Community members are discussing their experiences switching from GPT-3.5 to GPT-4o mini. They have found that structured content often fails to return values in the correct format, and the speed is slower. However, the pricing for GPT-4o mini is better. Some community members have observed similar issues, and are disappointed with the step back in performance. They have explored options like JSON mode and function calling, but these do not seem to fully resolve the problems. One community member has been switching to Anthropic, which they find to be more reliable, though a bit slower and requiring new prompts.
Does anyone have any findings around switching from gpt 3.5 to gpt 4o mini? I'm finding that structured content is quite a bit worse for gpt 4o mini vs 3.5, often failing to return the values in the correct format. Also the speed is quite a bit slower... But I feel we have to switch as the pricing is so much better...
Forcing the json (either with json mode or function calling) won't help as much either.
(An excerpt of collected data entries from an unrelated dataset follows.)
(* Under the same setting over $\mathbb{F}_2$ (leader set $\mathcal L$ with $|\mathcal L|=\mathrm{rank}_2(\mathbb{D}_{\mathcal L})=\mathrm{rank}_2(\mathbb{D})$, $\mathcal A\subseteq[{\mathsf K}]\setminus\mathcal L$ with $|\mathcal A|=t+1$, $\mathcal B=\mathcal L\cup\mathcal A$), for every choice of the subfiles $F_{i,\mathcal W}$, $$\bigoplus_{\mathcal V\in\mathscr V_{\mathcal B}}W_{\mathcal B\setminus\mathcal V}=0,\qquad\text{and consequently}\qquad W_{\mathcal A}=\bigoplus_{\mathcal V\in\mathscr V_{\mathcal B},\ \mathcal V\neq\mathcal L}W_{\mathcal B\setminus\mathcal V},$$ where every message on the right-hand side satisfies $(\mathcal B\setminus\mathcal V)\cap\mathcal L\neq\emptyset$.
   Context: $\mathbb{D}\in\mathbb{F}_2^{{\mathsf K}\times{\mathsf N}}$ has rows $\mathbf y_k=(y_{k,1},\ldots,y_{k,{\mathsf N}})$; $\mathbb{D}_{\mathcal S}$ is the submatrix of rows indexed by $\mathcal S$; $t\in\{0,\ldots,{\mathsf K}-1\}$. Subfiles $F_{i,\mathcal W}$ ($i\in[{\mathsf N}]$, $\mathcal W\subseteq[{\mathsf K}]$, $|\mathcal W|=t$) are vectors over $\mathbb{F}_2$ of a common length. Blocks $B_{k,\mathcal W}=\sum_{n}y_{k,n}F_{n,\mathcal W}$. For $|\mathcal S|=t+1$, $W_{\mathcal S}=\bigoplus_{k\in\mathcal S}B_{k,\mathcal S\setminus\{k\}}$. $\mathscr V_{\mathcal B}$ is the family of subsets $\mathcal V\subseteq\mathcal B$ with $|\mathcal V|=|\mathcal L|$ and $\mathrm{rank}_2(\mathbb{D}_{\mathcal V})=|\mathcal L|$ (so $\mathcal L\in\mathscr V_{\mathcal B}$ and $W_{\mathcal B\setminus\mathcal L}=W_{\mathcal A}$). *)

theory Defs
  imports "HOL-Library.Z2" "Jordan_Normal_Form.DL_Rank" "Jordan_Normal_Form.DL_Submatrix"
begin

text \<open>Conventions: the matrix D has dim_row D = K rows and dim_col D = N columns over
  the field F_2 = bit; users/rows are indexed 0..K-1 and files/columns 0..N-1.
  Subfiles F i W are vectors over F_2 of a common length, modelled as functions
  'm => bit for a finite index type 'm.\<close>

definition rank2 :: "bit mat \<Rightarrow> nat" where
  "rank2 A = vec_space.rank (dim_row A) A"

definition rowsub :: "bit mat \<Rightarrow> nat set \<Rightarrow> bit mat" where
  "rowsub D S = submatrix D S {..<dim_col D}"

definition blk :: "bit mat \<Rightarrow> (nat \<Rightarrow> nat set \<Rightarrow> 'm \<Rightarrow> bit) \<Rightarrow> nat \<Rightarrow> nat set \<Rightarrow> 'm \<Rightarrow> bit" where
  "blk D F k W = (\<lambda>j. \<Sum>n<dim_col D. D $$ (k, n) * F n W j)"

definition msg :: "bit mat \<Rightarrow> (nat \<Rightarrow> nat set \<Rightarrow> 'm \<Rightarrow> bit) \<Rightarrow> nat set \<Rightarrow> 'm \<Rightarrow> bit" where
  "msg D F S = (\<lambda>j. \<Sum>k\<in>S. blk D F k (S - {k}) j)"

definition Vfam :: "bit mat \<Rightarrow> nat set \<Rightarrow> nat set \<Rightarrow> nat set set" where
  "Vfam D L B = {V. V \<subseteq> B \<and> card V = card L \<and> rank2 (rowsub D V) = card L}"

end

theory Submission
  imports Defs
begin
(* Let $p>3$ be a prime, $\mathbf{K}$ a finite field of characteristic $p$, $\mathbb{Q}_q$ the unramified extension of $\mathbb{Q}_p$ with residue field $\mathbf{K}$ and $\mathbb{Z}_q$ its ring of integers. Let $\ell>2$ be a prime different from $p$. Let $\bar E: y^2=x^3+\bar a_4x+\bar a_6$ and $\bar E': y^2=x^3+\bar a'_4x+\bar a'_6$ be elliptic curves over $\mathbb{Q}_q$ with $\bar a_4,\bar a_6,\bar a'_4,\bar a'_6\in\mathbb{Z}_q$, where $\bar E$ lifts an elliptic curve $E/\mathbf{K}$ and $\bar E'$ is related to $\bar E$ by a normalized isogeny of degree $\ell$ whose reduction is a normalized $\ell$-isogeny of $E$ over $\mathbf{K}$, and suppose these four coefficients are known to $p$-adic (absolute) precision $\mu$, i.e. modulo $p^\mu$. Run the algorithm below over $\mathbb{Z}_q$ (with $p$-adic arithmetic) with length parameter $4\ell$, $\alpha=0$, $\beta=1$, $H(z)=\bar a'_6z^6+\bar a'_4z^4+1$ and $G(x)=1/(\bar a_6x^6+\bar a_4x^4+1)$. If $\mu>\mathrm{Loss}(p,\ell)$, then the polynomials $U,V,J,S$ computed by the algorithm have $p$-adic integer coefficients, and the result $S$ has $p$-adic precision at least $\mu-\mathrm{Loss}(p,\ell)$. Algorithm (with length parameter $m=4\ell$): set $d\leftarrow 2$, $U\leftarrow 1/\beta$, $J\leftarrow 1$, $V\leftarrow 1$, $S\leftarrow \alpha+\beta x+\big[(G'(0)+H'(\alpha)\beta^3)/(4\beta)\big]x^2$. While $d<m-1$: $U\leftarrow U(2-S'U)\bmod x^d$; $V\leftarrow \big(V+J(H\circ S)(2-VJ)\big)/2\bmod x^d$; $J\leftarrow J(2-VJ)\bmod x^d$; $S\leftarrow S+V\cdot\int\big(G(H\circ S)-S'^2\big)(UJ/2)\,dx\bmod x^{\min(2d+1,m)}$; $d\leftarrow 2d$. Return $S$.
   Context: An isogeny $I(x,y)=\big(N(x)/D(x),\,c\,y\,(N(x)/D(x))'\big)$ with $N,D$ monic of degrees $\ell,\ell-1$ is called normalized when $c=1$. $'$ is the formal derivative, $H\circ S=H(S(x))$, and $\int\sum_i c_ix^i\,dx=\sum_i\frac{c_i}{i+1}x^{i+1}$ (formal antiderivative with zero constant term). For a positive integer $r$, $\mathrm{PDiv}(p,r)=\max\{k\in\mathbb{N}: p^k\mid r\}$. For integers $i\ge1$, $\mathrm{LpLoss}(p,\ell,i)=\max\{\mathrm{PDiv}(p,r): 2^i+1\le r\le\min(2^{i+1},4\ell-1)\}$, and $\mathrm{Loss}(p,\ell)=\sum_{1\le i<\log_2(4\ell-1)}\mathrm{LpLoss}(p,\ell,i)$. *)

theory Defs
  imports "HOL-Computational_Algebra.Computational_Algebra"
begin

text \<open>A valuation v on a field (only meaningful on nonzero elements).
  pdiv v k x  means  x \<in> p^k Z_q  (x is zero or has valuation at least k).\<close>

definition pdiv :: "('a::field \<Rightarrow> int) \<Rightarrow> int \<Rightarrow> 'a \<Rightarrow> bool" where
  "pdiv v k x \<longleftrightarrow> x = 0 \<or> k \<le> v x"

abbreviation pint :: "('a::field \<Rightarrow> int) \<Rightarrow> 'a \<Rightarrow> bool" where
  "pint v x \<equiv> pdiv v 0 x"

text \<open>The field 'a with valuation v is (isomorphic to) Q_q, the unramified extension of Q_p
  with finite residue field: a complete discretely valued field of characteristic 0
  (type class), in which p is a uniformizer (v p = 1, i.e. unramified over Q_p),
  whose residue field Z_q / p Z_q is finite.\<close>

definition unram_padic_field :: "nat \<Rightarrow> ('a::field_char_0 \<Rightarrow> int) \<Rightarrow> bool" where
  "unram_padic_field p v \<longleftrightarrow>
     (\<forall>x y. x \<noteq> 0 \<longrightarrow> y \<noteq> 0 \<longrightarrow> v (x * y) = v x + v y) \<and>
     (\<forall>x y. x \<noteq> 0 \<longrightarrow> y \<noteq> 0 \<longrightarrow> x + y \<noteq> 0 \<longrightarrow> min (v x) (v y) \<le> v (x + y)) \<and>
     v (of_nat p) = 1 \<and>
     (\<exists>R. finite R \<and> (\<forall>x. pint v x \<longrightarrow> (\<exists>r\<in>R. pint v r \<and> pdiv v 1 (x - r)))) \<and>
     (\<forall>s :: nat \<Rightarrow> 'a.
        (\<forall>k. \<exists>N. \<forall>m n. N \<le> m \<longrightarrow> N \<le> n \<longrightarrow> pdiv v k (s m - s n)) \<longrightarrow>
        (\<exists>L. \<forall>k. \<exists>N. \<forall>n. N \<le> n \<longrightarrow> pdiv v k (s n - L)))"

definition pint_poly :: "('a::field \<Rightarrow> int) \<Rightarrow> 'a poly \<Rightarrow> bool" where
  "pint_poly v P \<longleftrightarrow> (\<forall>i. pint v (coeff P i))"

definition pint_fps :: "('a::field \<Rightarrow> int) \<Rightarrow> 'a fps \<Rightarrow> bool" where
  "pint_fps v F \<longleftrightarrow> (\<forall>i. pint v (F $ i))"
It can still write bad tool inputs, or hallucinate tool names.
There is a .parse endpoint that only works on very select models that we haven't integrated yet, but my understanding is this is the same as function calling with tool_choice set (which we already do)
hmm okay. Quite dissapointed with OAI in this one. We're also just seeing it follow instructions worse in general. For example we prompt to answer in a certain language and it sometimes ignores this and uses the language of the content we provide. Very annoying...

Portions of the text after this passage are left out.